Despite consumers’ improved assessment of present conditions, they remain relatively  more optimistic about the future. The Consumer Confidence Index of Present Conditions is 26.8 points below the Consumer Confidence Index of Expectations. While consumers’ views of the present have steadily improved since February 2009, their expectations for the future have risen faster. Since February 2009, consumers’ views of present conditions has grown by 36.0 points, but their expectations of the future rose by 55.6 points. Immediately following recessions, consumers tend to be more sanguine about the future relative to the present, but consumers’ views of the present ultimately exceeds their expectations for the future.
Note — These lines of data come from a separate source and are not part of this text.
text \<open>If a code is spanned by the all-ones word and a family R, and its dual has no words of
  weight 1 or 2, then R alone separates the coordinates (the all-ones word separates none).\<close>
lemma spanning_rows_separate:
  assumes "gf2_span (insert (ones_vec n) R) = C"
    and "min_weight_ge n (dual_code n C) d" "2 < d" "i < n" "j < n" "i \<noteq> j"
  shows "\<exists>g\<in>R. g i \<noteq> g j"
proof (rule ccontr)
  assume "\<not> ?thesis"
  then have agree: "g i = g j" if "g \<in> insert (ones_vec n) R" for g
    using that assms(4,5) by (auto simp: ones_vec_def)
  obtain c where c: "c \<in> C" "c i \<noteq> c j" using dual_separates_coordinates[OF assms(2-6)] by blast
  then obtain T where T: "T \<subseteq> insert (ones_vec n) R" "c = vsum T"
    using assms(1) by (auto simp: gf2_span_eq)
  then have "{g \<in> T. g i} = {g \<in> T. g j}" using agree by blast
  then have "c i = c j" by (simp add: T(2) vsum_def)
  then show False using c(2) by contradiction
qed

lemma permutation_matching_rows:
  assumes "bij_betw (column r b) {..<2 ^ r} (labels r)" "\<forall>m<r. b m \<in> words (2 ^ r)"
  shows "\<exists>\<tau>. \<tau> permutes {..<2 ^ r} \<and> (\<forall>m<r. coord_row r m \<circ> \<tau> = b m)"
proof -
  let ?rm = "column r (coord_row r)"
  define \<tau> where "\<tau> i = (if i < 2 ^ r then inv_into {..<2 ^ r} ?rm (column r b i) else i)" for i
  have "bij_betw (inv_into {..<2 ^ r} ?rm \<circ> column r b) {..<2 ^ r} {..<2 ^ r}"
    using bij_betw_trans[OF assms(1) bij_betw_inv_into[OF coord_column_bij]] .
  then have "bij_betw \<tau> {..<2 ^ r} {..<2 ^ r}"
    by (rule bij_betw_cong[THEN iffD1, rotated]) (simp add: \<tau>_def)
  then have perm: "\<tau> permutes {..<2 ^ r}"
    by (rule bij_imp_permutes) (simp add: \<tau>_def)
  have "coord_row r m (\<tau> i) = b m i" if "m < r" for m i
  proof (cases "i < 2 ^ r")
    case True
    have "column r b i \<in> ?rm ` {..<2 ^ r}"
      using coord_column_bij[of r] column_in_labels by (simp add: bij_betw_def)
    then have "?rm (\<tau> i) = column r b i" using True by (simp add: \<tau>_def f_inv_into_f)
    then show ?thesis using that by (simp add: column_eq_iff)
  next
    case False
    then show ?thesis using assms(2) that by (simp add: \<tau>_def coord_row_def words_def)
  qed
  then show ?thesis using perm by (auto simp: fun_eq_iff)
qed

lemma ones_vec_comp_permutes:
  assumes "\<tau> permutes {..<n}"
  shows "ones_vec n \<circ> \<tau> = ones_vec n"
  using permutes_in_image[OF assms] by (simp add: fun_eq_iff ones_vec_def)

text \<open>Pick a basis consisting
  of the all-ones word and r further words b_0, ..., b_(r-1); the dual condition makes the
  2^r columns of the b_m pairwise distinct, so they exhaust all labels in {0,1}^r, and
  reordering the coordinates turns the b_m into the coordinate rows.\<close>
lemma RM1_unique:
  assumes B: "binary_code (2 ^ r) (Suc r) B" "ones_vec (2 ^ r) \<in> B"
    and dual: "min_weight_ge (2 ^ r) (dual_code (2 ^ r) B) d" "2 < d"
  shows "equiv_codes (2 ^ r) (RM1 r) B"
proof -
  have "ones_vec (2 ^ r) \<noteq> zero_vec"
    by (metis ones_vec_def zero_vec_def zero_less_numeral zero_less_power)
  then obtain S where S: "S \<subseteq> B" "ones_vec (2 ^ r) \<in> S" "card S = Suc r" "gf2_span S = B"
    using basis_containing[OF B] by blast
  have fin: "finite (S - {ones_vec (2 ^ r)})" "card (S - {ones_vec (2 ^ r)}) = r"
    using S(3) by (simp_all add: card_ge_0_finite S(2))
  then obtain b where b: "bij_betw b {..<r} (S - {ones_vec (2 ^ r)})"
    using ex_bij_betw_nat_finite[OF fin(1)] by (auto simp: atLeast0LessThan)
  then have S_eq: "S = insert (ones_vec (2 ^ r)) (b ` {..<r})"
    using S(2) by (auto simp: bij_betw_def)
  have words: "\<forall>m<r. b m \<in> words (2 ^ r)"
    using B(1) S(1) S_eq by (auto simp: binary_code_def linear_code_def)
  have "inj_on (column r b) {..<2 ^ r}"
  proof (rule inj_onI, rule ccontr)
    fix i j assume ij: "i \<in> {..<2 ^ r}" "j \<in> {..<2 ^ r}" "column r b i = column r b j" "i \<noteq> j"
    have "\<exists>g \<in> b ` {..<r}. g i \<noteq> g j"
      using spanning_rows_separate[OF S(4)[unfolded S_eq] dual] ij(1,2,4) by simp
    then obtain m where "m < r" "b m i \<noteq> b m j" by auto
    then show False using ij(3) column_eq_iff by metis
  qed
  then obtain \<tau> where \<tau>: "\<tau> permutes {..<2 ^ r}" "\<forall>m<r. coord_row r m \<circ> \<tau> = b m"
    using permutation_matching_rows[OF bij_betw_column words] by blast
  have "(\<lambda>v. v \<circ> \<tau>) ` RM1_rows r = S"
    using \<tau> ones_vec_comp_permutes[OF \<tau>(1)] by (auto simp: RM1_rows_def S_eq image_image)
  then have "(\<lambda>v. v \<circ> \<tau>) ` RM1 r = B"
    using gf2_span_comp[OF permutes_surj[OF \<tau>(1)]] S(4) by (simp add: RM1_def)
  then show ?thesis using \<tau>(1) by (auto simp: equiv_codes_def)
qed

lemma RM15_eq_RM1: "RM15 = RM1 5"
proof -
  have "{0..4::nat} = {..<5}" by auto
  then show ?thesis by (simp add: RM15_def RM1_def RM15_rows_def RM1_rows_def coord_row_def)
qed

text \<open>The theorem for r = 5.\<close>
theorem mainTheorem7:
  shows "binary_code 32 6 RM15 \<and> doubly_even 32 RM15 \<and> ones_vec 32 \<in> RM15
           \<and> min_weight_ge 32 (dual_code 32 RM15) 4
         \<and> (\<forall>B. binary_code 32 6 B \<and> doubly_even 32 B \<and> ones_vec 32 \<in> B
               \<and> min_weight_ge 32 (dual_code 32 B) 4 \<longrightarrow> equiv_codes 32 RM15 B)"
  using RM1_binary_code[of 5] RM1_doubly_even[of 5] ones_in_RM1[of 5] RM1_dual_min_weight[of 5]
    RM1_unique[of 5 _ 4]
  by (simp add: RM15_eq_RM1)

end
Recent changes in consumers’ views of the present situation partly reflect their assessment of the present employment situation. Although a greater share of respondents continue to cite jobs as “hard to get” as opposed to “plenteous”, this gap has narrowed. Since peaking in November 2009, the difference between the share of respondents citing jobs as “plenteous” relative to the percent that describe jobs as “hard to get” has fallen by 17.0 percentage points. The convergence in consumers’ perception of the present employment situation is the result of a decline in the number of consumers holding the view that jobs are “hard to get” and an increase in the number of consumers that believe jobs are “plenteous”. Since November 2009, the share of respondents describing jobs as “hard to get” has fallen by 9.8 percentage points to 39.4% while the share of consumers that believe jobs to be “plenteous” has risen by 7.2 percentage points to 10%. Despite starting from a very low level, the recent growth in optimism over the present employment situation should ultimately influence consumers’ willingness to spend.